Redick, who has served multiple terms as board chairman, believes that the School Board is an important place to be involved in the community.

“I think there’s a lot of good that comes from volunteering this way,” Redick said. “I like to think I’m contributing to the future of our community and our kids.

“I think the most important issue going forward is to stabilize our teacher pool. We’re struggling to keep new teachers.”

Sweet Home is becoming a kind of training ground, Redick said, and he would like to see the district improve longevity among teaching staff.

“I think that we’re addressing it currently by actively recruiting people that want to be in our area,” Redick said. The board is looking at salaries on the lower part of the salary schedule and working to build a culture among them where Sweet Home is a place they’d like to live for a long time and raise their children.

The issue relates to student performance on state tests, he said. A lot of factors contribute to how well students perform on assessment tests, and this is one of them.

Redick is married to Amanda Redick, who is a classroom assistant at the Sweet Home Charter School. They have two adult children, Gabriel and Gavin, and one granddaughter.

Redick is a warehouse worker at Target Distribution Center in Albany.

Jim Gourley

Gourley, who wrapped up 24 years on the Sweet Home City Council on Dec. 31, 2016, had no plans to run for School Board, he said.

“And then I got told there wasn’t a lot of people running.”

Incumbent Michael E. Adams had filed for the position but then withdrew from the election. That’s when Gourley filed.
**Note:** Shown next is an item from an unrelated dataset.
(* Let $1\le l,m\le n$ with $l+m>n$, and set $s=l+m-n$, $r=n-l+1$. Let $a=(a_{ij})$ be an $m\times n$ matrix, $b=(b_{ij})$ an $n\times l$ matrix, and $c=ab$ (an $m\times l$ matrix), over a commutative ring containing $\mathbb Q$. Then $$\det\big(a_{ij}\big)_{1\le i,j\le m}\cdot\det\big(b_{ij}\big)_{r\le i\le n,\,1\le j\le l}=\frac{1}{s!}\sum_{\sigma\in S_m}\sum_{\tau\in S_l}\operatorname{sgn}(\sigma)\operatorname{sgn}(\tau)\prod_{k=1}^{r-1}a_{\sigma(k),k}\prod_{t=1}^{l-s}b_{m+t,\tau(s+t)}\prod_{u=1}^{s}c_{\sigma(r-1+u),\tau(u)}.$$ In particular, for $W=lV\oplus mV^*$, the product of the left minor of order $m$ of $\overline{V^*}$ (columns $1,\dots,m$) and the lower minor of order $l$ of $\overline V$ (rows $r,\dots,n$) is expressed as a polynomial in left minors of order $m-s$ of $\overline{V^*}$, lower minors of order $l-s$ of $\overline V$, and entries of $\overline{V^*}\,\overline V$.
   Context: $S_m$ is the symmetric group on $\{1,\dots,m\}$. $\overline V$ is the $n\times l$ matrix of coordinate functions on $lV$, $\overline{V^*}$ the $m\times n$ matrix of coordinate functions on $mV^*$ (with $a=\overline{V^*}$, $b=\overline V$ in the application). A left minor uses the first columns, a lower minor uses the last rows. *)

theory Defs
  imports "HOL-Combinatorics.Permutations"
begin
“I think the No. 1 issue is always going to be school funding and how we spend the money,” Gourley said. “We have to look at the monies we get from different areas and decide how best to use them.

“We have to make sure we have our buildings in good shape and that they’re able to be used for the functions they are meant to be used.”

The district needs to take care of its employees, he said, and make sure “that they have what they need to have to do the job.”

There’s a big difference between having funding and getting it where it needs to go, Gourley said. “It needs to be used on the kids and their programs and their classes.”

Gourley thinks the district is doing that, he said, but “I think that you have to continue to look at that over and over every year to make sure you’re doing that.”

Gourley is married to Lisa Gourley, who is a classified assistant at SHHS. They have four adult children, Cindy, James, Kim and Laura, all of whom graduated from the high school. They have five grandchildren, including one granddaughter who is attending school in Sweet Home.

While serving on the City Council, Gourley was mayor for six years and president pro tem for 14 years. He is a millwright at Cascade Pacific Pulp in Halsey.

Benjamin Emmert

Emmert is a write-in candidate for Zone 2, Liberty. The New Era previously reported Emmert’s candidacy in its April 12 edition. If elected, he will succeed Jenny Daniels, who did not file for reelection.

Emmert is a presale forester with Cascade Timber Consulting. He is married to Amanda Emmert. They have no children.

He told The New Era that he supports the move to a five-day week and the district’s bond request, which will fund major renovations at SHJH and minor projects at eaver other school.

April 25 is the last day to register to vote.

April 26 is the first day for the clerk to deliver local ballots to the Post Office for the May 16 election.

Ballots may be returned by mail or dropped off at City Hall or the Sweet Home Police Department.